Install these dependencies via PIP:
```pip install pandas numpy matplotlib seaborn```

## Usage

1. Place your dataset CSV file in the same directory as the script.
2. Modify the `file_path` and `output_path` in the script to match your dataset and desired output file name.
3. Run the script from the command line and specify the arguments. For example:

    ```bash
    python data_processing.py input_file.csv output_file.csv
    ```


    Or you can run the script with optional arguments which cover a more in depth analysis with this command:

    ```bash
    python data_processing.py input_file.csv output_file.csv --filter_column Month --filter_value 4 --histogram_col Sales --bar_category_col Product --bar_value_col Sales --pie_category_col City --pie_value_col Sales --scatter_x_col Price Each --scatter_y_col Sales --scatter_hue_col Product
    ```

    This command will:
    - Load `input_file.csv`.
    - Filter data where the `Month` column has a value of `4`.
    - Plot a histogram of the `Sales` column.
    - Create a bar chart of `Sales` by `Product`.
    - Generate a pie chart of `Sales` by `City`.
    - Create a scatter plot of `Sales` vs `Price Each` 
  
   ### Argumets
   - `file_path`: Path to the input CSV file.
   - `output_path`: Path to save the processed CSV file.
   - `--filter_column`: Column to filter on Month
   - `--filter_value`: Value to filter by 4
   - `--histogram_col`: Column for histogram
   - `--bar_category_col`: Category column for bar chart
   - `--bar_value_col`: Value column for bar chart
   - `--pie_category_col`: Category column for pie chart.
   - `--pie_value_col`: Value column for pie chart.
   - `--pie_explode_index`: Index of pie slice to explode (defaut: 0).
   - `--scatter_x_col`: X-axis column for scatter plot.
   - `--scatter_y_col`: Y-axis column for scatter plot.
   - `--scatter_hue_col`: Hue column for scatter plot.
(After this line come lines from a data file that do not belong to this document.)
text \<open>Points \<open>v\<close> that are far from \<open>y\<close> relative to \<open>\<epsilon>\<close> are reached from the base point \<open>(xb, yb)\<close>
  instead of from \<open>(x, y)\<close>; the choice \<open>\<epsilon> = \<delta> / (r + 2)\<close> makes this detour affordable.\<close>
lemma local_covering_imp_sur_rate:
  assumes base: "(xb, yb) \<in> graph F" and "0 < \<delta>"
    and cover: "\<And>x y v. (x, y) \<in> graph F \<Longrightarrow> dist x xb < \<delta> \<Longrightarrow> dist y yb < \<delta> \<Longrightarrow> dist v y < \<delta> \<Longrightarrow>
        \<exists>u. v \<in> F u \<and> dist u x \<le> dist y v / r'"
    and "0 < r" and "r < r'"
  shows "r \<in> sur_rates F xb yb"
  unfolding sur_rates_def
proof (intro CollectI conjI exI[of _ "\<delta> / (r + 2)"] allI impI subsetI)
  show "0 < r" by fact
  define \<epsilon> where "\<epsilon> = \<delta> / (r + 2)"
  show "0 < \<delta> / (r + 2)" using \<open>0 < \<delta>\<close> \<open>0 < r\<close> by simp
  then have "0 < \<epsilon>" by (simp add: \<epsilon>_def)
  have \<epsilon>_eq: "\<delta> = \<epsilon> * (r + 2)" using \<open>0 < r\<close> by (simp add: \<epsilon>_def)
  have "\<epsilon> \<le> \<delta>" using \<epsilon>_eq \<open>0 < \<epsilon>\<close> \<open>0 < r\<close> by simp
  fix x y t v
  assume xy_t: "(x, y) \<in> graph F \<and> norm (x - xb) < \<delta> / (r + 2) \<and> 0 \<le> t"
    and "v \<in> ball y (r * t) \<inter> ball yb (\<delta> / (r + 2))"
  then have y_v: "dist y v < r * t" and yb_v: "dist yb v < \<epsilon>"
    by (simp_all only: \<epsilon>_def Int_iff mem_ball)
  have xy: "(x, y) \<in> graph F" and x: "dist x xb < \<epsilon>"
    using xy_t by (simp_all only: \<epsilon>_def dist_norm)
  show "v \<in> (\<Union>u\<in>ball x t. F u)"
  proof (cases "dist y yb < \<delta> \<and> dist v y < \<delta>")
    case True
    have "dist x xb < \<delta>" using x \<open>\<epsilon> \<le> \<delta>\<close> by linarith
    then obtain u where "v \<in> F u" and u: "dist u x \<le> dist y v / r'"
      using cover[OF xy _ conjunct1[OF True] conjunct2[OF True]] by blast
    have "dist y v / r' \<le> dist y v / r" using \<open>0 < r\<close> \<open>r < r'\<close> by (simp add: frac_le)
    also have "\<dots> < t" using y_v \<open>0 < r\<close> by (simp add: pos_divide_less_eq mult.commute)
    finally show ?thesis using \<open>v \<in> F u\<close> u by (auto simp: dist_commute)
  next
    case False
    have "dist v yb < \<delta>" using yb_v \<open>\<epsilon> \<le> \<delta>\<close> by (simp add: dist_commute)
    with \<open>0 < \<delta>\<close> obtain u where "v \<in> F u" and u: "dist u xb \<le> dist yb v / r'"
      using cover[OF base] by auto
    have "dist yb v / r' < \<epsilon> / r'"
      using yb_v \<open>0 < r\<close> \<open>r < r'\<close> by (simp add: divide_strict_right_mono)
    then have "dist x u < \<epsilon> + \<epsilon> / r'"
      using u x dist_triangle[of x u xb] dist_commute[of xb u] by linarith
    have "\<delta> - \<epsilon> \<le> dist y v"
    proof (cases "dist y yb < \<delta>")
      case True
      then show ?thesis using False \<open>0 < \<epsilon>\<close> by (simp add: dist_commute)
    next
      case False
      then show ?thesis using yb_v dist_triangle[of y yb v] by (simp add: dist_commute)
    qed
    have "r * (\<epsilon> / r') \<le> \<epsilon>"
      using mult_right_mono[of "r / r'" 1 \<epsilon>] \<open>0 < \<epsilon>\<close> \<open>0 < r\<close> \<open>r < r'\<close> by simp
    have "r * dist x u < r * (\<epsilon> + \<epsilon> / r')"
      using \<open>dist x u < \<epsilon> + \<epsilon> / r'\<close> \<open>0 < r\<close> by simp
    also have "\<dots> \<le> r * \<epsilon> + \<epsilon>"
      using \<open>r * (\<epsilon> / r') \<le> \<epsilon>\<close> by (simp add: distrib_left)
    also have "\<dots> = \<delta> - \<epsilon>" using \<epsilon>_eq by (simp add: algebra_simps)
    also have "\<dots> < r * t" using \<open>\<delta> - \<epsilon> \<le> dist y v\<close> y_v by simp
    finally have "r * dist x u < r * t" .
    then show ?thesis using \<open>v \<in> F u\<close> \<open>0 < r\<close> by auto
  qed
qed

lemma sur_ge_if_sur_rates:
  assumes "0 < q" and rates: "\<And>r. 0 < r \<Longrightarrow> r < q \<Longrightarrow> r \<in> sur_rates F xb yb"
  shows "ereal q \<le> sur F xb yb"
proof -
  have "sur_rates F xb yb \<noteq> {}" using rates[of "q / 2"] \<open>0 < q\<close> by auto
  moreover have "ereal q \<le> Sup (ereal ` sur_rates F xb yb)"
    unfolding le_SUP_iff
  proof (intro allI impI)
    fix y assume "y < ereal q"
    then obtain z where "y < ereal z" and "z < q" using ereal_dense2 by fastforce
    then have "max z (q / 2) \<in> sur_rates F xb yb" using rates \<open>0 < q\<close> by simp
    moreover have "y < ereal (max z (q / 2))" using \<open>y < ereal z\<close> by (simp add: less_le_trans)
    ultimately show "\<exists>r\<in>sur_rates F xb yb. y < ereal r" by blast
  qed
  ultimately show ?thesis by (simp add: sur_def)
qed

theorem mainTheorem7:
  fixes F :: "'a::banach \<Rightarrow> 'b::banach set"
    and xb :: 'a and yb :: 'b and W :: "('a \<times> 'b) set" and c lam :: real
  assumes "locally_closed_graph F xb yb"
    and "(xb, yb) \<in> graph F"
    and "open W" and "(xb, yb) \<in> W"
    and "c > 0" and "0 \<le> lam" and "lam < 1"
    and "\<forall>(x, y) \<in> W \<inter> graph F.
           (SUP z\<in>sphere (0::'b) 1. ereal (infdist z (contingent_derivative_ball F x y c))) \<le> ereal lam"
  shows "sur F xb yb \<ge> ereal ((1 - lam) / c)"
proof -
  obtain \<rho> where "0 < \<rho>" and closed_\<rho>: "closed (graph F \<inter> (cball xb \<rho> \<times> cball yb \<rho>))"
    using assms(1) unfolding locally_closed_graph_def by blast
  obtain e where "0 < e" and "ball (xb, yb) e \<subseteq> W"
    using assms(3,4) open_contains_ball by blast
  define R where "R = min \<rho> (e / 2)"
  have "0 < R" using \<open>0 < \<rho>\<close> \<open>0 < e\<close> by (simp add: R_def)
  have "graph F \<inter> (cball xb R \<times> cball yb R) =
      graph F \<inter> (cball xb \<rho> \<times> cball yb \<rho>) \<inter> (cball xb R \<times> cball yb R)"
    by (auto simp: R_def)
  then have closed: "closed (graph F \<inter> (cball xb R \<times> cball yb R))"
    using closed_\<rho> by (simp add: closed_Int closed_Times)
  have regular: "\<forall>z\<in>sphere 0 1. infdist z (contingent_derivative_ball F x y c) \<le> lam"
    if "(x, y) \<in> graph F" "dist x xb < R" "dist y yb < R" for x y
  proof -
    have "dist (x, y) (xb, yb) < e"
      using dist_le_dist_fst_plus_dist_snd[of "(x, y)" "(xb, yb)"] that(2,3) by (simp add: R_def)
    then have "(x, y) \<in> W" using \<open>ball (xb, yb) e \<subseteq> W\<close> by (auto simp: dist_commute)
    then show ?thesis using assms(8) that(1) by (auto simp: SUP_le_iff)
  qed
  define q where "q = (1 - lam) / c"
  have "ereal q \<le> sur F xb yb"
  proof (rule sur_ge_if_sur_rates)
    show "0 < q" using assms(5,7) by (simp add: q_def)
    fix r assume "0 < r" and "r < q"
    define r' where "r' = (r + q) / 2"
    have "r < r'" and "r' < q" using \<open>r < q\<close> by (simp_all add: r'_def)
    then have "r' * c < 1 - lam" using assms(5) by (simp add: q_def pos_less_divide_eq)
    moreover have "0 < r'" using \<open>0 < r\<close> \<open>r < r'\<close> by simp
    ultimately obtain \<delta> where "0 < \<delta>" and "\<And>x y v. (x, y) \<in> graph F \<Longrightarrow> dist x xb < \<delta> \<Longrightarrow>
        dist y yb < \<delta> \<Longrightarrow> dist v y < \<delta> \<Longrightarrow> \<exists>u. v \<in> F u \<and> dist u x \<le> dist y v / r'"
      using local_covering[OF closed \<open>0 < R\<close> regular less_imp_le[OF assms(5)]] by blast
    then show "r \<in> sur_rates F xb yb"
      using local_covering_imp_sur_rate[OF assms(2)] \<open>0 < r\<close> \<open>r < r'\<close> by blast
  qed
  then show ?thesis by (simp add: q_def)
qed

end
Feel free to customize the arguments based on the needs of your dataset and analysis.
## Functions
- **`load_data(file_path)`**: Loads the dataset from the provided file path.
- **`prepare_data(original_df)`**: Cleans and prepares data for analysis.
- **`calculate_summary_statistics(df)`**: Computes summary statistics.
- **`filter_data(df, column, value)`**: Filters the data based on specific criteria.
- **`plot_histogram(df, column)`**: Plots a histogram for a specified column.
- **`plot_bar_chart(df, category_col, value_col)`**: Creates a bar chart of the specified category and value column.
- **`plot_scatter(df, x_col, y_col)`**: Creates a scatter plot to show the relationship between two numerical values.
- **`plot_pie_chart(df, category_col, value_col, explode_index=0)`**: Creates a pie chart.
- **`save_processed_data(df, output_path)`**: Saves the processed data to a new CSV file.
## Automation
The script is adapted to handle different datasets by changing the file input path.